-- Dataset records follows --

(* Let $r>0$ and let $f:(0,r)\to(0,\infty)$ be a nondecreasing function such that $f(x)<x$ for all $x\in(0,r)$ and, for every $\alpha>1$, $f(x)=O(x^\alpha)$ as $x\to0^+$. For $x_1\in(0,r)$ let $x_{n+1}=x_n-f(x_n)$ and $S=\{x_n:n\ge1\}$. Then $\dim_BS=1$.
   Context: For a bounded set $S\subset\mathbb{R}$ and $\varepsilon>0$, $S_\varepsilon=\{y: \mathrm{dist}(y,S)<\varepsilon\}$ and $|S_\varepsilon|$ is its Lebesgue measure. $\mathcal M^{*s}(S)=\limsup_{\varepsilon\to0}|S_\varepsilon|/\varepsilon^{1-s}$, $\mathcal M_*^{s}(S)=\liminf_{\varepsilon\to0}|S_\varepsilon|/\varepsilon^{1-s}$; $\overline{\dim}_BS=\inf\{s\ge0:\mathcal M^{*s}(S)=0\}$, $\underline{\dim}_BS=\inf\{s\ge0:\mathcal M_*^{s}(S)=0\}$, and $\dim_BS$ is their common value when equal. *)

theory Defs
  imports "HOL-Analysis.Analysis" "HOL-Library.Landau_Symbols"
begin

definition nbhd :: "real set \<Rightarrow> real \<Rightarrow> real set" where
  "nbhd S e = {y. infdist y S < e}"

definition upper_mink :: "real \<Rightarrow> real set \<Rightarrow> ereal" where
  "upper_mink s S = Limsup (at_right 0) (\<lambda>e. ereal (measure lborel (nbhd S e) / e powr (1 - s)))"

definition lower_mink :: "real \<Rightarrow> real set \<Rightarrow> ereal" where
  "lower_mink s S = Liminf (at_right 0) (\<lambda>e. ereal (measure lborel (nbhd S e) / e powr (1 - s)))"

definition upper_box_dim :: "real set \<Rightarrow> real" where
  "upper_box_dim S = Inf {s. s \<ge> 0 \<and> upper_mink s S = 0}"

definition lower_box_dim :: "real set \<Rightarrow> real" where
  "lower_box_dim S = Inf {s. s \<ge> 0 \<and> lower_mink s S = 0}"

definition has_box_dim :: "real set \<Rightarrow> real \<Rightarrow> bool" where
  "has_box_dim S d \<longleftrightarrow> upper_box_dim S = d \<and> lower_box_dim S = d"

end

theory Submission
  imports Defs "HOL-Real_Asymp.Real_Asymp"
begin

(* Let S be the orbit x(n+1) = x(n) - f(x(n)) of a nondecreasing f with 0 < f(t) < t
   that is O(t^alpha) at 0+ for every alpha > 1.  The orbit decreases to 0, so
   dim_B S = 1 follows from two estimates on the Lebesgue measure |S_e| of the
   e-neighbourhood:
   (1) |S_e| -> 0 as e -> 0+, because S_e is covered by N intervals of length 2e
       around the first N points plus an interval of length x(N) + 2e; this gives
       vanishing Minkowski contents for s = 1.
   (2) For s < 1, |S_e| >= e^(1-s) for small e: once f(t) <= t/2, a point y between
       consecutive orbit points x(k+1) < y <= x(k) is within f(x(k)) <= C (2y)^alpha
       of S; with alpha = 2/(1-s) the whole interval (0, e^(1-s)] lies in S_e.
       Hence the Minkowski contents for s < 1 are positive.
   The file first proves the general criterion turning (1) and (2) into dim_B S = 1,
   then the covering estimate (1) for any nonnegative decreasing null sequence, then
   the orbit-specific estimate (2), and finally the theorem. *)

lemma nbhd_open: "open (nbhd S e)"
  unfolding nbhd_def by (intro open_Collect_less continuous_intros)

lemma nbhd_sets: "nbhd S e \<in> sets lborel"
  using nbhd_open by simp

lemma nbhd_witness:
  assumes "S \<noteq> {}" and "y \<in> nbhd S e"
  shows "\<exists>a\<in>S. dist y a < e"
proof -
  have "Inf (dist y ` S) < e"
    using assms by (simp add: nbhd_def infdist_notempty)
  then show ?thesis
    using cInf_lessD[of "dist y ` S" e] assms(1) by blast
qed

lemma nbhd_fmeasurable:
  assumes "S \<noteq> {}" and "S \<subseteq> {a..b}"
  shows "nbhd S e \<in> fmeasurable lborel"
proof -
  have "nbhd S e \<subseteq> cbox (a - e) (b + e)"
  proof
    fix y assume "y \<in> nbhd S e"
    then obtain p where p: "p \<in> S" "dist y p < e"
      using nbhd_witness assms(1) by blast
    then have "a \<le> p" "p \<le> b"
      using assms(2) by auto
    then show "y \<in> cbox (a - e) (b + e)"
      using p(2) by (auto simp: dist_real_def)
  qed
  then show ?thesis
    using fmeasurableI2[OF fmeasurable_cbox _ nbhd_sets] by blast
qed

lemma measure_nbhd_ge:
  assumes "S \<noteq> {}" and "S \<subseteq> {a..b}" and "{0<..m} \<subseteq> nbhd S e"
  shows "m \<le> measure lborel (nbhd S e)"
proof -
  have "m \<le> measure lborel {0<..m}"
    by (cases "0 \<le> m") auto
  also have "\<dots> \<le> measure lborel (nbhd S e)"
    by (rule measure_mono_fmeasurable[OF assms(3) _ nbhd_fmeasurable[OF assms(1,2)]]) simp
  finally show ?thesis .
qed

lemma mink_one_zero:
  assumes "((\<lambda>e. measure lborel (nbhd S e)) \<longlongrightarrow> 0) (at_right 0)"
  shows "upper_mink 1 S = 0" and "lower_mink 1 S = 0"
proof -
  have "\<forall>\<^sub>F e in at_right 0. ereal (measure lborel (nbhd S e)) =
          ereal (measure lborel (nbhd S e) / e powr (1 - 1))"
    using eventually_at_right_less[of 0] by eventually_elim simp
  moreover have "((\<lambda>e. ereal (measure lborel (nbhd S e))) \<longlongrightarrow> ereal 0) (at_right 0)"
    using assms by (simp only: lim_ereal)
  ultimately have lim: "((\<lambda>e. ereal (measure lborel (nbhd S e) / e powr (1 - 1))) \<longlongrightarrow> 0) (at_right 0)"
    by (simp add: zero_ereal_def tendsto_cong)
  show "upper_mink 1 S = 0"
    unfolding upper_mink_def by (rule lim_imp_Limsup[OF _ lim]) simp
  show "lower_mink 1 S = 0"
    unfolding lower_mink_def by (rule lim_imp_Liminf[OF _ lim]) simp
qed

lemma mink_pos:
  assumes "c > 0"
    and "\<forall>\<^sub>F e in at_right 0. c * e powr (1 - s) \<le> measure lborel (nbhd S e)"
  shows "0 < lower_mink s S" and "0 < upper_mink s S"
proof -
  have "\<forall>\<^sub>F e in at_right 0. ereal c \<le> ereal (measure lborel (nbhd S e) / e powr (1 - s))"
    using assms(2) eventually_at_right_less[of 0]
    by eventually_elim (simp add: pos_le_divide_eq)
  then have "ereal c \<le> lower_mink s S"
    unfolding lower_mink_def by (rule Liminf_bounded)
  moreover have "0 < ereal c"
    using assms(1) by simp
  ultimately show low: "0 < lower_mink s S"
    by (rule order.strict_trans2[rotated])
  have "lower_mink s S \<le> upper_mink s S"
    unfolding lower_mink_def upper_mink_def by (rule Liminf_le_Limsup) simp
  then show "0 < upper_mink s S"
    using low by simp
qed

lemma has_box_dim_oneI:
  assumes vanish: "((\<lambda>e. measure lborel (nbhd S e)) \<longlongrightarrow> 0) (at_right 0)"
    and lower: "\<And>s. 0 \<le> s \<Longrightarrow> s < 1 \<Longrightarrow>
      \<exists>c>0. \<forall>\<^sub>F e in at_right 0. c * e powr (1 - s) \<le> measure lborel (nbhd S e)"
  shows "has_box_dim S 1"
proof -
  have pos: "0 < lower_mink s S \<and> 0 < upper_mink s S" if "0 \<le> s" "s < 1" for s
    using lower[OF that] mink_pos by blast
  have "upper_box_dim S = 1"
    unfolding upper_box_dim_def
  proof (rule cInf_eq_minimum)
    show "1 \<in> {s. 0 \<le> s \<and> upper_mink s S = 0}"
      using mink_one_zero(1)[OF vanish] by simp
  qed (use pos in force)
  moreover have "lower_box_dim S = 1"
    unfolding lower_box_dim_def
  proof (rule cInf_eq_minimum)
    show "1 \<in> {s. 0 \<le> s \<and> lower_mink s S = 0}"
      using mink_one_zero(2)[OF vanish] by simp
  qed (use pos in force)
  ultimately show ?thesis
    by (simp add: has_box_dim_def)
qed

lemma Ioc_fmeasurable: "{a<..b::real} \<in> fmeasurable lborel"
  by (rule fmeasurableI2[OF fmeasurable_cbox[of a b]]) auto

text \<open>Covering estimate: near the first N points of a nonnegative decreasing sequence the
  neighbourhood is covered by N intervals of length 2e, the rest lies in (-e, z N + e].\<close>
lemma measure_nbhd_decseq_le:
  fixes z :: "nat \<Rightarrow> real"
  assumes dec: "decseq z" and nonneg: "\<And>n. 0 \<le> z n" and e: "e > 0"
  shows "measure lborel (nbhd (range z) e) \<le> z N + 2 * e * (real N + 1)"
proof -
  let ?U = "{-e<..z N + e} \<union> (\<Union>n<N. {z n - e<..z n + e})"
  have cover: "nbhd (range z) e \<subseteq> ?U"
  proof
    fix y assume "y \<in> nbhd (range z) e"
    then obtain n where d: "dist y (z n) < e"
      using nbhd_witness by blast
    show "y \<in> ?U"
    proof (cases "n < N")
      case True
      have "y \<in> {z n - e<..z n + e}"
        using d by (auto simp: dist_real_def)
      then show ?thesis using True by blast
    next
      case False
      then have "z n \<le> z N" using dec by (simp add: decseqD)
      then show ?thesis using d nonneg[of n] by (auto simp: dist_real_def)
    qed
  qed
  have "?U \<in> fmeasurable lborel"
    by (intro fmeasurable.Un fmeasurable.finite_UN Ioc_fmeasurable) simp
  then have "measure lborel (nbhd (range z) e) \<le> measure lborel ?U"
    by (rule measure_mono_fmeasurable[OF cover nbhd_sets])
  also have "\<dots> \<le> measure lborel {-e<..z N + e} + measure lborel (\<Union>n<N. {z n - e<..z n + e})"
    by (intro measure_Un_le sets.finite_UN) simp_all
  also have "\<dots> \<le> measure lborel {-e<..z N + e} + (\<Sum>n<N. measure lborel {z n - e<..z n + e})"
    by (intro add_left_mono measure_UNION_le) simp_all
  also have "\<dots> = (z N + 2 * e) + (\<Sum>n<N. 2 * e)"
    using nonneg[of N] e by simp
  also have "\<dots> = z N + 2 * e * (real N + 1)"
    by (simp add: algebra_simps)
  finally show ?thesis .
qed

-- Dataset records concluded --

Your objective:
Your answer should consist only of the lines above between the line holding "using eventually_at_right_less[of 0]" and the line holding "using assms by (simp only: lim_ereal)", inclusive, each transcribed exactly.

Answer for the task:
    using eventually_at_right_less[of 0] by eventually_elim simp
  moreover have "((\<lambda>e. ereal (measure lborel (nbhd S e))) \<longlongrightarrow> ereal 0) (at_right 0)"
    using assms by (simp only: lim_ereal)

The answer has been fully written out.